Background Meningiomas are the most common primary intracranial tumor in adults. Clinical care is currently guided by the World Health Organization (WHO) grade assigned to meningiomas, a 3-tiered grading system based on histopathology features, as well as extent of surgical resection. Clinical behavior, however, often fails to conform to the WHO grade. Additional prognostic information is needed to optimize patient management. Methods We evaluated whether chromosomal copy-number data improved prediction of time-to-recurrence for patients with meningioma who were treated with surgery, relative to the WHO schema.
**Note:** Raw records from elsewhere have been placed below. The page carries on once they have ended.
(* Let $\beta_1<\beta_2<\alpha_1<\alpha_2$ be reals and $C_{\alpha_1},C_{\alpha_2},C_{\beta_1},C_{\beta_2}$ nonzero reals. There exist polynomials $A(x)=\sum_{k=0}^4A_kx^{4-k}$ and $B(y)=\sum_{k=0}^4B_ky^{4-k}$ of degree at most $4$ such that $A(\alpha_i)=0$, $B(\beta_i)=0$, $A'(\alpha_i)=2/C_{\alpha_i}$, $B'(\beta_i)=-2/C_{\beta_i}$ ($i=1,2$) and $A_0=-B_0$, $A_1=-B_1$, $A_2=-B_2$, if and only if $$\frac{(\alpha_1+\alpha_2)^2+2\alpha_2^2+(\beta_1+\beta_2)^2+2\beta_1\beta_2-2(2\alpha_2+\alpha_1)(\beta_1+\beta_2)}{(\alpha_2-\alpha_1)^2C_{\alpha_1}}+\frac{(\alpha_1+\alpha_2)^2+2\alpha_1^2+(\beta_1+\beta_2)^2+2\beta_1\beta_2-2(2\alpha_1+\alpha_2)(\beta_1+\beta_2)}{(\alpha_2-\alpha_1)^2C_{\alpha_2}}$$ $$+\frac{(\beta_1+\beta_2)^2+2\beta_2^2+(\alpha_1+\alpha_2)^2+2\alpha_1\alpha_2-2(2\beta_2+\beta_1)(\alpha_1+\alpha_2)}{(\beta_2-\beta_1)^2C_{\beta_1}}+\frac{(\beta_1+\beta_2)^2+2\beta_1^2+(\alpha_1+\alpha_2)^2+2\alpha_1\alpha_2-2(2\beta_1+\beta_2)(\alpha_1+\alpha_2)}{(\beta_2-\beta_1)^2C_{\beta_2}}=0.$$ In this case $A$ and $B$ are uniquely determined. They have $A_0=0$ if and only if $$\frac1{(\alpha_2-\alpha_1)^2}\Big(\frac1{C_{\alpha_1}}+\frac1{C_{\alpha_2}}\Big)=\frac1{(\beta_2-\beta_1)^2}\Big(\frac1{C_{\beta_1}}+\frac1{C_{\beta_2}}\Big),$$ and, when both previous equations hold, they satisfy $A_0=0$ and $A_3=-B_3$ if additionally $$\frac1{(\alpha_2-\alpha_1)^2}\Big(\frac{\alpha_2(2\alpha_1+\alpha_2)}{C_{\alpha_1}}+\frac{\alpha_1(2\alpha_2+\alpha_1)}{C_{\alpha_2}}\Big)=\frac1{(\beta_2-\beta_1)^2}\Big(\frac{\beta_2(2\beta_1+\beta_2)}{C_{\beta_1}}+\frac{\beta_1(2\beta_2+\beta_1)}{C_{\beta_2}}\Big).$$ *)

theory Defs
  imports "HOL-Computational_Algebra.Polynomial"
begin

text \<open>A polynomial A(x) = sum_{k=0}^4 A_k x^(4-k) of degree at most 4 is a real poly
  with degree at most 4; its paper coefficient A_k is coeff A (4 - k).\<close>

definition AB_conditions ::
  "real \<Rightarrow> real \<Rightarrow> real \<Rightarrow> real \<Rightarrow> real \<Rightarrow> real \<Rightarrow> real \<Rightarrow> real \<Rightarrow> real poly \<Rightarrow> real poly \<Rightarrow> bool"
  where
  "AB_conditions a1 a2 b1 b2 Ca1 Ca2 Cb1 Cb2 A B \<longleftrightarrow>
     degree A \<le> 4 \<and> degree B \<le> 4 \<and>
     poly A a1 = 0 \<and> poly A a2 = 0 \<and> poly B b1 = 0 \<and> poly B b2 = 0 \<and>
     poly (pderiv A) a1 = 2 / Ca1 \<and> poly (pderiv A) a2 = 2 / Ca2 \<and>
     poly (pderiv B) b1 = - 2 / Cb1 \<and> poly (pderiv B) b2 = - 2 / Cb2 \<and>
     coeff A 4 = - coeff B 4 \<and> coeff A 3 = - coeff B 3 \<and> coeff A 2 = - coeff B 2"

end

theory Submission
  imports Defs
begin
lemma tequiv_lin_ext:
  assumes "teq k ra la xs ys"
    and "\<And>m m' n. G (m + m', n) - G (m, n) - G (m', n) \<in> trel k' ra' la'"
    and "\<And>m n n'. G (m, n + n') - G (m, n) - G (m, n') \<in> trel k' ra' la'"
    and "\<And>i m n. i < k \<Longrightarrow> G (ra m i, n) - G (m, la i n) \<in> trel k' ra' la'"
  shows "tequiv k' ra' la' (sum_list (map G xs)) (sum_list (map G ys))"
proof -
  have "sum_list (map ind xs) - sum_list (map ind ys) \<in> trel k ra la"
    using assms(1) by (simp add: teq_iff_tequiv tequiv_def fsum_conv_sum_list)
  from lin_ext_trel[OF assms(2-4) this] show ?thesis
    by (simp add: tequiv_def lin_ext_diff finite_support_sum_list lin_ext_sum_list)
qed

lemma tequiv_refl [intro]: "tequiv k ra la f f"
  by (simp add: tequiv_def trel_zero)

lemma tequiv_sym: "tequiv k ra la f g \<Longrightarrow> tequiv k ra la g f"
  unfolding tequiv_def using trel_neg by fastforce

lemma tequiv_trans [trans]: "tequiv k ra la f g \<Longrightarrow> tequiv k ra la g h \<Longrightarrow> tequiv k ra la f h"
  unfolding tequiv_def using trel_add by fastforce

lemma tequiv_add:
  "tequiv k ra la f g \<Longrightarrow> tequiv k ra la f' g' \<Longrightarrow> tequiv k ra la (f + f') (g + g')"
  unfolding tequiv_def using trel_add by (fastforce simp: algebra_simps)

lemma tequiv_neg: "tequiv k ra la f g \<Longrightarrow> tequiv k ra la (- f) (- g)"
  unfolding tequiv_def using trel_neg by fastforce

lemma tequiv_diff:
  "tequiv k ra la f g \<Longrightarrow> tequiv k ra la f' g' \<Longrightarrow> tequiv k ra la (f - f') (g - g')"
  using tequiv_add[OF _ tequiv_neg] by (metis diff_conv_add_uminus)

lemma tequiv_sg: "tequiv k ra la f g \<Longrightarrow> tequiv k ra la (sg e f) (sg e g)"
  by (simp add: sg_def tequiv_neg)

lemma tequiv_sum_list:
  "(\<And>x. x \<in> set xs \<Longrightarrow> tequiv k ra la (F x) (G x)) \<Longrightarrow>
    tequiv k ra la (sum_list (map F xs)) (sum_list (map G xs))"
  by (induction xs) (auto intro: tequiv_add)

lemma tequiv_by_diff: "f - g = h \<Longrightarrow> h \<in> trel k ra la \<Longrightarrow> tequiv k ra la f g"
  by (simp add: tequiv_def)

lemma ind_add_left: "tequiv k ra la (ind (m + m', n)) (ind (m, n) + ind (m', n))"
  unfolding tequiv_def using trel_addl[of m m' n k ra la] by (simp add: algebra_simps)

lemma ind_add_right: "tequiv k ra la (ind (m, n + n')) (ind (m, n) + ind (m, n'))"
  unfolding tequiv_def using trel_addr[of m n n' k ra la] by (simp add: algebra_simps)

lemma ind_balanced: "i < k \<Longrightarrow> tequiv k ra la (ind (ra m i, n)) (ind (m, la i n))"
  unfolding tequiv_def using trel_bal by blast

lemma ind_zero_left: "tequiv k ra la (ind (0, n)) 0"
proof -
  have "ind (0 + 0, n) - (ind (0, n) + ind (0, n)) \<in> trel k ra la"
    using ind_add_left[of k ra la 0 0 n] by (simp add: tequiv_def)
  then show ?thesis using trel_neg by (fastforce simp: tequiv_def algebra_simps)
qed

lemma ind_zero_right: "tequiv k ra la (ind (m, 0)) 0"
proof -
  have "ind (m, 0 + 0) - (ind (m, 0) + ind (m, 0)) \<in> trel k ra la"
    using ind_add_right[of k ra la m 0 0] by (simp add: tequiv_def)
  then show ?thesis using trel_neg by (fastforce simp: tequiv_def algebra_simps)
qed

lemma ind_neg_left: "tequiv k ra la (ind (- m, n)) (- ind (m, n))"
proof -
  have "tequiv k ra la 0 (ind (m + - m, n))"
    using tequiv_sym[OF ind_zero_left] by simp
  also have "tequiv k ra la \<dots> (ind (m, n) + ind (- m, n))" by (rule ind_add_left)
  finally have "tequiv k ra la (- ind (m, n) + 0) (- ind (m, n) + (ind (m, n) + ind (- m, n)))"
    by (rule tequiv_add[OF tequiv_refl])
  then show ?thesis by (simp add: tequiv_sym)
qed

lemma ind_neg_right: "tequiv k ra la (ind (m, - n)) (- ind (m, n))"
proof -
  have "tequiv k ra la 0 (ind (m, n + - n))"
    using tequiv_sym[OF ind_zero_right] by simp
  also have "tequiv k ra la \<dots> (ind (m, n) + ind (m, - n))" by (rule ind_add_right)
  finally have "tequiv k ra la (- ind (m, n) + 0) (- ind (m, n) + (ind (m, n) + ind (m, - n)))"
    by (rule tequiv_add[OF tequiv_refl])
  then show ?thesis by (simp add: tequiv_sym)
qed

lemma ind_diff_right: "tequiv k ra la (ind (m, n - n')) (ind (m, n) - ind (m, n'))"
proof -
  have "tequiv k ra la (ind (m, n + - n')) (ind (m, n) + ind (m, - n'))" by (rule ind_add_right)
  also have "tequiv k ra la \<dots> (ind (m, n) + - ind (m, n'))"
    by (rule tequiv_add[OF tequiv_refl ind_neg_right])
  finally show ?thesis by simp
qed

lemma ind_sg_left: "tequiv k ra la (ind (sg e m, n)) (sg e (ind (m, n)))"
  unfolding sg_def using ind_neg_left[of k ra la m n] by auto

lemma ind_sg_right: "tequiv k ra la (ind (m, sg e n)) (sg e (ind (m, n)))"
  unfolding sg_def using ind_neg_right[of k ra la m n] by auto

lemma fsum_tneg: "tequiv k ra la (fsum (tneg xs)) (- fsum xs)"
proof (induction xs)
  case Nil
  show ?case by (simp add: tneg_def tequiv_refl)
next
  case (Cons p xs)
  obtain m n where p: "p = (m, n)" by (cases p)
  have "fsum (tneg (p # xs)) = ind (- m, n) + fsum (tneg xs)"
    by (simp add: tneg_def fsum_Cons p)
  moreover have "- fsum (p # xs) = - ind (m, n) + - fsum xs"
    by (simp add: fsum_Cons p)
  ultimately show ?case using tequiv_add[OF ind_neg_left Cons.IH] by (simp only:)
qed

section \<open>Signs\<close>

lemma sg_parity_cong: "even (e - e') \<Longrightarrow> sg e x = sg e' x"
  by (auto simp: sg_def)

lemma sg_add: "sg e (x + y) = sg e x + sg e y"
  by (simp add: sg_def)

lemma sg_diff: "sg e (x - y) = sg e x - sg e y"
  by (simp add: sg_def)

lemma sg_sg: "sg e (sg e' x) = sg (e + e') x"
  by (simp add: sg_def)

lemma sg_zero [simp]: "sg e 0 = 0"
  by (simp add: sg_def)

lemma sg_plus_one: "sg (e + 1) x = - sg e x"
  by (simp add: sg_def)

lemma (in additive) sg: "f (sg e x) = sg e (f x)"
  by (simp add: sg_def minus)

text \<open>A generator with a vanishing entry is zero in the tensor product, so signs only have to
  be compared when both entries are nonzero, which is where homological degrees are defined.\<close>

lemma ind_sg_parity:
  assumes "m \<noteq> 0 \<Longrightarrow> n \<noteq> 0 \<Longrightarrow> even (e0 + e1 + e2 - e')"
  shows "tequiv k ra la (sg e0 (ind (sg e1 m, sg e2 n))) (sg e' (ind (m, n)))"
proof (cases "m = 0 \<or> n = 0")
  case True
  then have "tequiv k ra la (ind (m', n')) 0"
    if "m' = m \<or> m' = - m" "n' = n \<or> n' = - n" for m' n'
    using that ind_zero_left ind_zero_right by (metis neg_equal_0_iff_equal)
  then have "tequiv k ra la (ind (sg e1 m, sg e2 n)) 0" "tequiv k ra la (ind (m, n)) 0"
    by (simp_all add: sg_def)
  then have "tequiv k ra la (sg e0 (ind (sg e1 m, sg e2 n))) 0" "tequiv k ra la (sg e' (ind (m, n))) 0"
    using tequiv_sg[where g = 0] by fastforce+
  then show ?thesis using tequiv_trans tequiv_sym by blast
next
  case False
  have "tequiv k ra la (sg e0 (ind (sg e1 m, sg e2 n))) (sg e0 (sg e1 (ind (m, sg e2 n))))"
    by (rule tequiv_sg[OF ind_sg_left])
  also have "tequiv k ra la \<dots> (sg e0 (sg e1 (sg e2 (ind (m, n)))))"
    by (rule tequiv_sg[OF tequiv_sg[OF ind_sg_right]])
  also have "\<dots> = sg e' (ind (m, n))"
    unfolding sg_sg using False assms by (intro sg_parity_cong) auto
  finally show ?thesis .
qed

lemma ind_sg_left_parity:
  "(m \<noteq> 0 \<Longrightarrow> n \<noteq> 0 \<Longrightarrow> even (e - e')) \<Longrightarrow>
    tequiv k ra la (ind (sg e m, n)) (sg e' (ind (m, n)))"
  using ind_sg_parity[of m n 0 e 0 e'] by (simp add: sg_def)

lemma ind_sg_both_parity:
  "(m \<noteq> 0 \<Longrightarrow> n \<noteq> 0 \<Longrightarrow> even (e1 + e2 - e')) \<Longrightarrow>
    tequiv k ra la (ind (sg e1 m, sg e2 n)) (sg e' (ind (m, n)))"
  using ind_sg_parity[of m n 0 e1 e2 e'] by (simp add: sg_def)

lemma sg_ind_sg_left_parity:
  "(m \<noteq> 0 \<Longrightarrow> n \<noteq> 0 \<Longrightarrow> even (e0 + e - e')) \<Longrightarrow>
    tequiv k ra la (sg e0 (ind (sg e m, n))) (sg e' (ind (m, n)))"
  using ind_sg_parity[of m n e0 e 0 e'] by (simp add: sg_def)

text \<open>The bookkeeping behind the structure equation: once the linear terms are rewritten by the
  second \<open>A\<^sub>\<infinity>\<close>-relation and the quadratic ones by the third, what remains is the image of the
  structure equation of \<open>\<delta>\<^sub>D\<^sub>D\<close>.\<close>

lemma tequiv_expansion_cancel:
  fixes Xa Xb Xc Xd Aa Ab :: "'p \<Rightarrow> ('m::ab_group_add \<times> 'n::ab_group_add \<Rightarrow> int)"
    and Qa Qb Qc :: "'p \<Rightarrow> 'p \<Rightarrow> ('m \<times> 'n \<Rightarrow> int)" and h :: "'p \<Rightarrow> int" and n :: int
  assumes rel2: "\<And>s. s \<in> set ds \<Longrightarrow> tequiv k ra la (Xc s + Xb s) (Xa s - sg (1 - h s) (Xd s) - Aa s)"
    and rel3: "\<And>s t. t \<in> set ds \<Longrightarrow> tequiv k ra la (Qa s t) (Qc s t - sg (1 - h t) (Qb s t))"
    and dd: "tequiv k ra la (sum_list (map (\<lambda>s. sg (n * h s) (Aa s)) ds)
      + sum_list (map (\<lambda>s. sg (n * h s + n + h s + 1) (Ab s)) ds)
      + sum_list (map (\<lambda>s. sum_list (map (\<lambda>t. sg ((n + 1 - h s) * (h s + h t)) (Qc s t)) ds)) ds)) 0"
  shows "tequiv k ra la (sum_list (map (\<lambda>s. sg (n * h s + n + h s) (Ab s)) ds))
    ((Y + sum_list (map (\<lambda>t. sg ((n + 1) * h t) (Xd t)) ds))
      + sum_list (map (\<lambda>s. sg (n * h s) (Xa s) + sum_list (map (\<lambda>t. sg ((n + 1 - h s) * (h s + h t)) (Qa s t)) ds)) ds)
      + - ((Y + sum_list (map (\<lambda>t. sg (n * h t) (Xb t)) ds))
      + sum_list (map (\<lambda>s. sg (n * h s) (Xc s) + sum_list (map (\<lambda>t. sg (n * h s + (n - h s) * h t) (Qb s t)) ds)) ds)))"
    (is "tequiv _ _ _ _ ?rhs")
proof -
  define W where "W s = sg ((n + 1) * h s) (Xd s) + sg (n * h s) (Xa s) - sg (n * h s) (Xb s) - sg (n * h s) (Xc s)
    + sum_list (map (\<lambda>t. sg ((n + 1 - h s) * (h s + h t)) (Qa s t) - sg (n * h s + (n - h s) * h t) (Qb s t)) ds)" for s
  have expand: "?rhs = sum_list (map W ds)"
    unfolding W_def by (simp add: sum_list_addf sum_list_subtractf algebra_simps)
  define V where "V s = sg (n * h s) (Aa s) + sum_list (map (\<lambda>t. sg ((n + 1 - h s) * (h s + h t)) (Qc s t)) ds)" for s
  have "tequiv k ra la (W s) (V s)" if s: "s \<in> set ds" for s
  proof (rule tequiv_by_diff)
    have sg1: "sg (n * h s) (sg (1 - h s) f) = - sg ((n + 1) * h s) f" for f :: "'m \<times> 'n \<Rightarrow> int"
    proof -
      have "sg (n * h s) (sg (1 - h s) f) = sg ((n + 1) * h s + 1) f"
        unfolding sg_sg by (rule sg_parity_cong) (simp add: algebra_simps)
      then show ?thesis by (simp only: sg_plus_one)
    qed
    have sg2: "sg ((n + 1 - h s) * (h s + h t)) (sg (1 - h t) f) = - sg (n * h s + (n - h s) * h t) f"
      for t and f :: "'m \<times> 'n \<Rightarrow> int"
    proof -
      have "sg ((n + 1 - h s) * (h s + h t)) (sg (1 - h t) f) = sg (n * h s + (n - h s) * h t + 1) f"
        unfolding sg_sg by (rule sg_parity_cong) (simp add: algebra_simps)
      then show ?thesis by (simp only: sg_plus_one)
    qed
    show "W s - V s = sg (n * h s) (Xa s - sg (1 - h s) (Xd s) - Aa s - (Xc s + Xb s))
      + sum_list (map (\<lambda>t. sg ((n + 1 - h s) * (h s + h t)) (Qa s t - (Qc s t - sg (1 - h t) (Qb s t)))) ds)"
      unfolding W_def V_def
      by (simp only: sg_diff sg_add sg1 sg2) (simp add: sum_list_addf sum_list_subtractf algebra_simps)
    show "\<dots> \<in> trel k ra la"
    proof (rule trel_add[OF trel_sg trel_sum_list])
      show "Xa s - sg (1 - h s) (Xd s) - Aa s - (Xc s + Xb s) \<in> trel k ra la"
        using trel_neg[OF rel2[OF s, unfolded tequiv_def]] by (simp add: algebra_simps)
      show "sg ((n + 1 - h s) * (h s + h t)) (Qa s t - (Qc s t - sg (1 - h t) (Qb s t))) \<in> trel k ra la"
        if "t \<in> set ds" for t
        using rel3[OF that] by (simp add: tequiv_def trel_sg)
    qed
  qed
  then have "tequiv k ra la (sum_list (map W ds)) (sum_list (map V ds))"
    by (rule tequiv_sum_list)
  also have "tequiv k ra la \<dots> (sum_list (map (\<lambda>s. sg (n * h s + n + h s) (Ab s)) ds))"
  proof (rule tequiv_by_diff)
    show "sum_list (map V ds) - sum_list (map (\<lambda>s. sg (n * h s + n + h s) (Ab s)) ds)
      = sum_list (map (\<lambda>s. sg (n * h s) (Aa s)) ds)
      + sum_list (map (\<lambda>s. sg (n * h s + n + h s + 1) (Ab s)) ds)
      + sum_list (map (\<lambda>s. sum_list (map (\<lambda>t. sg ((n + 1 - h s) * (h s + h t)) (Qc s t)) ds)) ds)"
      unfolding V_def by (simp only: sg_plus_one sum_list_negf) (simp add: sum_list_addf algebra_simps)
    show "\<dots> \<in> trel k ra la" using dd by (simp add: tequiv_def)
  qed
  finally show ?thesis
    unfolding expand by (rule tequiv_sym)
qed
section \<open>The grading involution of a bigraded group\<close>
The models were developed using Cox proportional hazards, random survival forest, and gradient boosting in a discovery cohort of 527 meningioma patients and validated in 2 independent cohorts of 172 meningioma patients characterized by orthogonal genomic platforms. Results We developed a 3-tiered grading scheme (Integrated Grades 1-3), which incorporated mitotic count and loss of chromosome 1p, 3p, 4, 6, 10, 14q, 18, 19, or CDKN2A. 32% of meningiomas reclassified to either a lower-risk or higher-risk Integrated Grade compared to their assigned WHO grade. The Integrated Grade more accurately identified meningioma patients at risk for recurrence, relative to the WHO grade, as determined by time-dependent area under the curve, average precision, and the Brier score. Conclusion We propose a molecularly integrated grading scheme for meningiomas that significantly improves upon the current WHO grading system in prediction of progression-free survival. This framework can be broadly adopted by clinicians with relative ease using widely available genomic technologies and presents an advance in the care of meningioma patients.

中文翻译:

脑膜瘤的分子整合等级

背景 脑膜瘤是成人中最常见的原发性颅内肿瘤。目前,临床护理由分配给脑膜瘤的世界卫生组织 (WHO) 分级指导,这是一种基于组织病理学特征以及手术切除范围的 3 级分级系统。然而,临床行为通常不符合 WHO 等级。需要额外的预后信息来优化患者管理。方法 我们评估了相对于 WHO 模式,染色体拷贝数数据是否改善了对接受手术治疗的脑膜瘤患者的复发时间的预测。这些模型是使用 Cox 比例风险、随机生存森林、和梯度提升在 527 名脑膜瘤患者的发现队列中进行,并在 2 个独立的 172 名脑膜瘤患者队列中进行了验证,这些队列具有正交基因组平台特征。结果 我们开发了一个 3 级分级方案(综合等级 1-3),其中包括有丝分裂计数和染色体 1p、3p、4、6、10、14q、18、19 或 CDKN2A 的丢失。与指定的 WHO 等级相比,32% 的脑膜瘤被重新分类为风险较低或风险较高的综合等级。相对于 WHO 等级,综合等级更准确地识别出有复发风险的脑膜瘤患者,这是由时间依赖性曲线下面积、平均精度和 Brier 评分确定的。结论 我们提出了一种脑膜瘤分子综合分级方案,该方案显着改进了当前 WHO 分级系统预测无进展生存期的能力。使用广泛可用的基因组技术,临床医生可以相对轻松地广泛采用该框架,并在脑膜瘤患者的护理方面取得进步。